BOSTON and LAUSANNE, Switzerland, November 10, 2021 — SOPHiA GENETICS SA (Nasdaq: SOPH), today reported financial results for the third quarter ended September 30, 2021.

Recent Highlights

  • Revenue was $10.4 million for the third quarter, representing a 45% increase over the corresponding period of 2020
  • Following a previous letter of intent with GE Healthcare, executed a final Master Alliance Agreement under which we will be working together with GE on a variety of oncology opportunities in the healthcare market and will collaborate on different initiatives and projects
  • Total recurring platform customers grew from 367 in the second quarter of this year to 375 customers in the third quarter.

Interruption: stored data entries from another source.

text \<open>A homogeneous form of degree \<open>d\<close> has a single monomial \<open>s\<^sup>i v\<^sup>d\<^sup>-\<^sup>i\<close> in each \<open>s\<close>-degree \<open>i\<close>.\<close>
lemma homog_inner:
  assumes h: "homogeneous d f"
  shows "poly (coeff f i) z = (if i \<le> d then coeff (coeff f i) (d - i) * z ^ (d - i) else 0)"
proof -
  have "poly (coeff f i) z = (\<Sum>j\<le>degree (coeff f i). coeff (coeff f i) j * z ^ j)" by (rule poly_altdef)
  also have "\<dots> = (\<Sum>j\<le>degree (coeff f i).
      if j = d - i \<and> i \<le> d then coeff (coeff f i) (d - i) * z ^ (d - i) else 0)"
  proof (rule sum.cong[OF refl])
    fix j
    show "coeff (coeff f i) j * z ^ j = (if j = d - i \<and> i \<le> d then coeff (coeff f i) (d - i) * z ^ (d - i) else 0)"
    proof (cases "coeff (coeff f i) j = 0")
      case False
      then have "i + j = d" using h unfolding homogeneous_def by blast
      then show ?thesis by auto
    qed auto
  qed
  also have "\<dots> = (if i \<le> d then coeff (coeff f i) (d - i) * z ^ (d - i) else 0)"
    by (cases "i \<le> d \<and> d - i \<le> degree (coeff f i)") (auto simp: coeff_eq_0)
  finally show ?thesis .
qed

lemma dehom_coeff: "coeff (dehom f) i = poly (coeff f i) 1"
  unfolding dehom_def by (simp add: coeff_map_poly)

lemma poly_dehom: "poly (dehom f) t0 = poly (poly f [:t0:]) 1"
proof -
  have "poly (dehom f) t0 = (\<Sum>i\<le>degree f. coeff (dehom f) i * t0 ^ i)"
    by (rule poly_sum_bound) (simp add: dehom_def map_poly_degree_leq)
  also have "\<dots> = (\<Sum>i\<le>degree f. poly (coeff f i * [:t0:] ^ i) 1)"
    by (simp add: dehom_coeff poly_power)
  also have "\<dots> = poly (poly f [:t0:]) 1"
    by (simp add: poly_altdef[of f "[:t0:]"] poly_sum)
  finally show ?thesis .
qed

lemma dehom_homog_sum:
  assumes h: "homogeneous d f"
  shows "poly (dehom f) t0 = (\<Sum>j\<le>d. coeff (coeff f j) (d - j) * t0 ^ j)"
proof -
  have "degree (dehom f) \<le> d"
    by (rule degree_le) (auto simp: dehom_coeff homog_inner[OF h])
  then have "poly (dehom f) t0 = (\<Sum>j\<le>d. coeff (dehom f) j * t0 ^ j)" by (rule poly_sum_bound)
  also have "\<dots> = (\<Sum>j\<le>d. coeff (coeff f j) (d - j) * t0 ^ j)"
    by (rule sum.cong) (auto simp: dehom_coeff homog_inner[OF h])
  finally show ?thesis .
qed

lemma poly_line:
  assumes h: "homogeneous d f"
  shows "poly (poly f [:0,t0:]) z = z ^ d * poly (dehom f) t0"
proof -
  have "poly (poly f [:0,t0:]) z = (\<Sum>i\<le>degree f. poly (coeff f i) z * (t0 * z) ^ i)"
    by (simp add: poly_altdef[of f "[:0,t0:]"] poly_sum poly_power ac_simps)
  also have "\<dots> = (\<Sum>i\<le>degree f. z ^ d * (poly (coeff f i) 1 * t0 ^ i))"
  proof (rule sum.cong[OF refl])
    fix i
    show "poly (coeff f i) z * (t0 * z) ^ i = z ^ d * (poly (coeff f i) 1 * t0 ^ i)"
    proof (cases "i \<le> d")
      case True
      then have "z ^ (d - i) * z ^ i = z ^ d" by (simp add: power_add[symmetric])
      then show ?thesis using True by (simp add: homog_inner[OF h] power_mult_distrib ac_simps)
    qed (simp add: homog_inner[OF h])
  qed
  also have "\<dots> = z ^ d * (\<Sum>i\<le>degree f. coeff (dehom f) i * t0 ^ i)"
    by (simp add: sum_distrib_left dehom_coeff)
  also have "(\<Sum>i\<le>degree f. coeff (dehom f) i * t0 ^ i) = poly (dehom f) t0"
    by (rule poly_sum_bound[symmetric]) (simp add: dehom_def map_poly_degree_leq)
  finally show ?thesis .
qed

lemma line_dvd:
  assumes h: "homogeneous d f" and z: "poly (dehom f) t0 = 0"
  shows "[:- [:0,t0:], 1:] dvd f"
proof -
  have "poly f [:0,t0:] = 0"
    using poly_line[OF h, of t0] z by (auto simp: poly_all_0_iff_0[symmetric])
  then show ?thesis using poly_eq_0_iff_dvd by blast
qed

lemma homogeneous_not_unit:
  assumes h: "homogeneous n f" and n: "n \<ge> 1"
  shows "\<not> is_unit f"
proof
  assume "is_unit f"
  then obtain g where fg: "1 = f * g" by (auto elim!: dvdE)
  then have f0: "f \<noteq> 0" and g0: "g \<noteq> 0" by auto
  have c0: "coeff f 0 * coeff g 0 = 1" using arg_cong[OF fg, of "\<lambda>x. coeff x 0"] by (simp add: coeff_mult_0)
  then have f00: "coeff f 0 \<noteq> 0" and g00: "coeff g 0 \<noteq> 0" by auto
  have "degree (coeff f 0) + degree (coeff g 0) = 0"
    using degree_mult_eq[OF f00 g00] c0 by simp
  then have "coeff (coeff f 0) 0 \<noteq> 0" using f00 by (metis add_is_0 leading_coeff_0_iff)
  then have "0 + 0 = n" using h unfolding homogeneous_def by blast
  then show False using n by simp
qed

text \<open>Coprime forms \<open>a, b, c\<close> of positive degree: no linear form divides all three, and no
  nonzero constant vector \<open>w\<close> satisfies the Koszul relations \<open>w\<^sub>a b = w\<^sub>b a\<close> etc. (otherwise one
  of \<open>a, b, c\<close> would divide the others).\<close>
lemma coprime_forms_no_common_root:
  assumes ha: "homogeneous n a" and hb: "homogeneous n b" and hc: "homogeneous n c"
    and g: "gcd a (gcd b c) = 1"
  shows "\<not> (poly (dehom a) t0 = 0 \<and> poly (dehom b) t0 = 0 \<and> poly (dehom c) t0 = 0)"
proof
  let ?L = "[:- [:0,t0:], 1:] :: form"
  assume "poly (dehom a) t0 = 0 \<and> poly (dehom b) t0 = 0 \<and> poly (dehom c) t0 = 0"
  then have "?L dvd gcd a (gcd b c)"
    using line_dvd[OF ha] line_dvd[OF hb] line_dvd[OF hc] by simp
  then have "is_unit ?L" using g by simp
  then show False by (simp add: is_unit_poly_iff)
qed

lemma coprime_forms_no_koszul_vector:
  fixes wa wb wc :: complex
  defines "W \<equiv> \<lambda>w. [:[:w:]:] :: form"
  assumes ha: "homogeneous n a" and hb: "homogeneous n b" and hc: "homogeneous n c"
    and n: "n \<ge> 1" and g: "gcd a (gcd b c) = 1"
    and k1: "b * W wa = a * W wb" and k2: "c * W wa = a * W wc" and k3: "c * W wb = b * W wc"
  shows "wa = 0 \<and> wb = 0 \<and> wc = 0"
proof -
  have dv: "y dvd x" if "x * W w = y * W w'" "w \<noteq> 0" for x y w w'
  proof -
    have inv: "W w * W (1/w) = 1" using that(2) by (simp add: W_def one_pCons)
    have "x = x * (W w * W (1/w))" unfolding inv by simp
    also have "\<dots> = y * (W w' * W (1/w))" using that(1) by (metis mult.assoc)
    finally show ?thesis by (rule dvdI)
  qed
  have not_dvd: "\<not> f dvd gcd a (gcd b c)" if "homogeneous n f" for f
    using homogeneous_not_unit[OF that n] g by simp
  show ?thesis
  proof (intro conjI; rule ccontr)
    assume "wa \<noteq> 0"
    then show False using not_dvd[OF ha] dv[OF k1] dv[OF k2] by simp
  next
    assume "wb \<noteq> 0"
    then show False using not_dvd[OF hb] dv[OF k1[symmetric]] dv[OF k3] by simp
  next
    assume "wc \<noteq> 0"
    then show False using not_dvd[OF hc] dv[OF k2[symmetric]] dv[OF k3[symmetric]] by simp
  qed
qed

lemma poly_phi_coeff:
  "poly (phi_coeff d a b c (h1,h2,h3) i) t0 = (if i \<le> d then
     coeff (coeff h1 i) (d-i) * poly (dehom a) t0 + coeff (coeff h2 i) (d-i) * poly (dehom b) t0
   + coeff (coeff h3 i) (d-i) * poly (dehom c) t0 else 0)"
  unfolding phi_coeff_def by simp

lemma phi_coeff_vanish: "i > d \<Longrightarrow> phi_coeff d a b c h i = 0"
  unfolding phi_coeff_def by simp

lemma phi_coeff_on_line:
  assumes h1: "homogeneous d h1" and h2: "homogeneous d h2" and h3: "homogeneous d h3"
    and syz: "is_syzygy a b c (h1,h2,h3)"
  shows "(\<Sum>j\<le>d. phi_coeff d a b c (h1,h2,h3) j * [:0,1:] ^ j) = 0"
proof -
  have "poly (\<Sum>j\<le>d. phi_coeff d a b c (h1,h2,h3) j * [:0,1:] ^ j) t0 = 0" for t0
  proof -
    let ?wa = "poly (dehom a) t0" and ?wb = "poly (dehom b) t0" and ?wc = "poly (dehom c) t0"
    have "poly (\<Sum>j\<le>d. phi_coeff d a b c (h1,h2,h3) j * [:0,1:] ^ j) t0
      = (\<Sum>j\<le>d. (coeff (coeff h1 j) (d-j) * ?wa + coeff (coeff h2 j) (d-j) * ?wb
          + coeff (coeff h3 j) (d-j) * ?wc) * t0 ^ j)"
      by (simp add: poly_sum poly_phi_coeff)
    also have "\<dots> = poly (dehom h1) t0 * ?wa + poly (dehom h2) t0 * ?wb + poly (dehom h3) t0 * ?wc"
      unfolding dehom_homog_sum[OF h1] dehom_homog_sum[OF h2] dehom_homog_sum[OF h3]
      by (simp add: sum_distrib_left sum.distrib algebra_simps)
    also have "\<dots> = poly (poly (h1 * a + h2 * b + h3 * c) [:t0:]) 1"
      by (simp add: poly_dehom)
    also have "\<dots> = 0" using syz by (simp add: is_syzygy_def)
    finally show ?thesis .
  qed
  then show ?thesis using poly_all_0_iff_0 by blast
qed

lemma annihilates_point_if_phi_coeffs_vanish:
  assumes h1: "homogeneous d h1" and h2: "homogeneous d h2" and h3: "homogeneous d h3"
    and z: "\<forall>i. poly (phi_coeff d a b c (h1,h2,h3) i) t0 = 0"
  shows "h1 * [:[:poly (dehom a) t0:]:] + h2 * [:[:poly (dehom b) t0:]:] + h3 * [:[:poly (dehom c) t0:]:] = 0"
    (is "?hw = 0")
proof (rule poly_eqI, rule poly_eqI)
  have const_coeff: "coeff (coeff (p * [:[:w:]:]) i) j = coeff (coeff p i) j * w" for p :: form and w i j
    by (simp add: mult.commute[of p] mult.commute)
  fix i j
  show "coeff (coeff ?hw i) j = coeff (coeff 0 i) j"
  proof (cases "i + j = d")
    case True
    then have "i \<le> d" "j = d - i" by auto
    then show ?thesis using z[rule_format, of i] by (simp add: poly_phi_coeff const_coeff ac_simps)
  next
    case False
    then have "coeff (coeff h1 i) j = 0" "coeff (coeff h2 i) j = 0" "coeff (coeff h3 i) j = 0"
      using h1 h2 h3 unfolding homogeneous_def by auto
    then show ?thesis by (simp add: const_coeff)
  qed
qed

text \<open>For a \<open>\<mu>\<close>-basis of coprime forms, the coefficients of \<open>p\<^sub>\<phi>(s,v;t,1)\<close> and \<open>q\<^sub>\<phi>(s,v;t,1)\<close>
  have no common root \<open>t\<^sub>0\<close>: otherwise \<open>p\<close>, \<open>q\<close>, hence every syzygy, in particular the Koszul
  syzygies of \<open>(a,b,c)\<close>, would annihilate \<open>w\<close>, forcing \<open>w = 0\<close>, i.e. a common root of \<open>a,b,c\<close>.\<close>
lemma mu_basis_no_common_root:
  assumes ha: "homogeneous n a" and hb: "homogeneous n b" and hc: "homogeneous n c"
    and n: "n \<ge> 1" and g: "gcd a (gcd b c) = 1" and mu: "mu_basis n \<mu> a b c p q"
  shows "\<exists>i. poly (phi_coeff \<mu> a b c p i) t0 \<noteq> 0 \<or> poly (phi_coeff (n-\<mu>) a b c q i) t0 \<noteq> 0"
proof (rule ccontr)
  assume "\<not> ?thesis"
  then have zp: "\<forall>i. poly (phi_coeff \<mu> a b c p i) t0 = 0"
    and zq: "\<forall>i. poly (phi_coeff (n-\<mu>) a b c q i) t0 = 0" by auto
  obtain p1 p2 p3 where p: "p = (p1,p2,p3)" by (cases p)
  obtain q1 q2 q3 where q: "q = (q1,q2,q3)" by (cases q)
  \<comment> \<open>kept opaque so that the simplifier does not expand products with constants\<close>
  define W where "W = (\<lambda>w. [:[:w:]:] :: form)"
  let ?wa = "poly (dehom a) t0" and ?wb = "poly (dehom b) t0" and ?wc = "poly (dehom c) t0"
  let ?ann = "\<lambda>h1 h2 h3. h1 * W ?wa + h2 * W ?wb + h3 * W ?wc = 0"
  have hp: "homogeneous \<mu> p1" "homogeneous \<mu> p2" "homogeneous \<mu> p3"
    and hq: "homogeneous (n-\<mu>) q1" "homogeneous (n-\<mu>) q2" "homogeneous (n-\<mu>) q3"
    using mu unfolding mu_basis_def p q by auto
  have basis: "\<exists>\<alpha> \<beta>. h = (\<alpha>*p1+\<beta>*q1, \<alpha>*p2+\<beta>*q2, \<alpha>*p3+\<beta>*q3)"
    if "is_syzygy a b c h" for h
  proof -
    have "\<exists>!(\<alpha>,\<beta>). h = (\<alpha>*p1+\<beta>*q1, \<alpha>*p2+\<beta>*q2, \<alpha>*p3+\<beta>*q3)"
      using mu that unfolding mu_basis_def p q by (simp only: prod.case)
    then obtain x where "case x of (\<alpha>,\<beta>) \<Rightarrow> h = (\<alpha>*p1+\<beta>*q1, \<alpha>*p2+\<beta>*q2, \<alpha>*p3+\<beta>*q3)"
      by (rule ex1E) blast
    then show ?thesis by (cases x) auto
  qed
  have "?ann p1 p2 p3" using annihilates_point_if_phi_coeffs_vanish[OF hp] zp p unfolding W_def by simp
  moreover have "?ann q1 q2 q3" using annihilates_point_if_phi_coeffs_vanish[OF hq] zq q unfolding W_def by simp
  ultimately have syz_ann: "?ann h1 h2 h3" if syz: "is_syzygy a b c (h1,h2,h3)" for h1 h2 h3
  proof -
    obtain \<alpha> \<beta> where e: "(h1,h2,h3) = (\<alpha>*p1+\<beta>*q1, \<alpha>*p2+\<beta>*q2, \<alpha>*p3+\<beta>*q3)"
      using basis[OF syz] by blast
    have "h1 * W ?wa + h2 * W ?wb + h3 * W ?wc
        = \<alpha> * (p1 * W ?wa + p2 * W ?wb + p3 * W ?wc) + \<beta> * (q1 * W ?wa + q2 * W ?wb + q3 * W ?wc)"
      using e by (simp add: algebra_simps)
    then show ?thesis using \<open>?ann p1 p2 p3\<close> \<open>?ann q1 q2 q3\<close> by simp
  qed
  have "b * W ?wa = a * W ?wb" using syz_ann[of b "-a" 0] by (simp add: is_syzygy_def algebra_simps)
  moreover have "c * W ?wa = a * W ?wc" using syz_ann[of c 0 "-a"] by (simp add: is_syzygy_def algebra_simps)
  moreover have "c * W ?wb = b * W ?wc" using syz_ann[of 0 c "-b"] by (simp add: is_syzygy_def algebra_simps)
  ultimately have "?wa = 0 \<and> ?wb = 0 \<and> ?wc = 0"
    using coprime_forms_no_koszul_vector[OF ha hb hc n g] unfolding W_def by blast
  then show False using coprime_forms_no_common_root[OF ha hb hc g] by blast
qed

lemma mu_basis_line_vanishing_pair:
  assumes n: "n \<ge> 3" and ha: "homogeneous n a" and hb: "homogeneous n b" and hc: "homogeneous n c"
    and g: "gcd a (gcd b c) = 1" and mu: "mu_basis n \<mu> a b c p q"
  shows "line_vanishing_pair (phi_coeff \<mu> a b c p) (phi_coeff (n-\<mu>) a b c q) \<mu> (n-\<mu>)"
proof
  obtain p1 p2 p3 where p: "p = (p1,p2,p3)" by (cases p)
  obtain q1 q2 q3 where q: "q = (q1,q2,q3)" by (cases q)
  have hp: "homogeneous \<mu> p1" "homogeneous \<mu> p2" "homogeneous \<mu> p3"
    and hq: "homogeneous (n-\<mu>) q1" "homogeneous (n-\<mu>) q2" "homogeneous (n-\<mu>) q3"
    and sp: "is_syzygy a b c (p1,p2,p3)" and sq: "is_syzygy a b c (q1,q2,q3)"
    and mle: "\<mu> \<le> n - \<mu>"
    using mu unfolding mu_basis_def p q by auto
  show "\<forall>x>\<mu>. phi_coeff \<mu> a b c p x = 0" "\<forall>x>n-\<mu>. phi_coeff (n-\<mu>) a b c q x = 0"
    by (auto simp: phi_coeff_vanish)
  show "(\<Sum>j\<le>\<mu>. phi_coeff \<mu> a b c p j * [:0,1:] ^ j) = 0"
    unfolding p by (rule phi_coeff_on_line[OF hp sp])
  show "(\<Sum>j\<le>n-\<mu>. phi_coeff (n-\<mu>) a b c q j * [:0,1:] ^ j) = 0"
    unfolding q by (rule phi_coeff_on_line[OF hq sq])
  show "\<exists>i. poly (phi_coeff \<mu> a b c p i) t0 \<noteq> 0 \<or> poly (phi_coeff (n-\<mu>) a b c q i) t0 \<noteq> 0" for t0
    by (rule mu_basis_no_common_root[OF ha hb hc _ g mu]) (use n in simp)
  show "3 \<le> \<mu> + (n - \<mu>)" using n mle by simp
qed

Net dollar retention for the rolling twelve-month period improved to 137%, indicating that we are growing our revenue generated from existing customers net of churn
  • Continued to see momentum in customer adoption with both clinical customers, such as City of Hope and Institut Gustave Roussy, and biopharma customers, such as AstraZeneca

“I am proud of our solid execution across our organization this quarter, as year-over-year revenue again grew significantly and as we continue to make progress in entering into exciting new relationships and expanding on existing ones,” said Jurgi Camblong, Co-Founder and CEO of SOPHiA GENETICS. “There is much to look forward to at SOPHiA, including our exciting progress in HRD, growing penetration in North America, expanding opportunities with biopharma partners, and potential inorganic growth opportunities. I am immensely proud of what we have accomplished at SOPHiA and continue to be even more optimistic about what lies ahead of us. 2021 has been and continues to be a momentous year for our organization, and we remain confident in our objectives and mission going forward.”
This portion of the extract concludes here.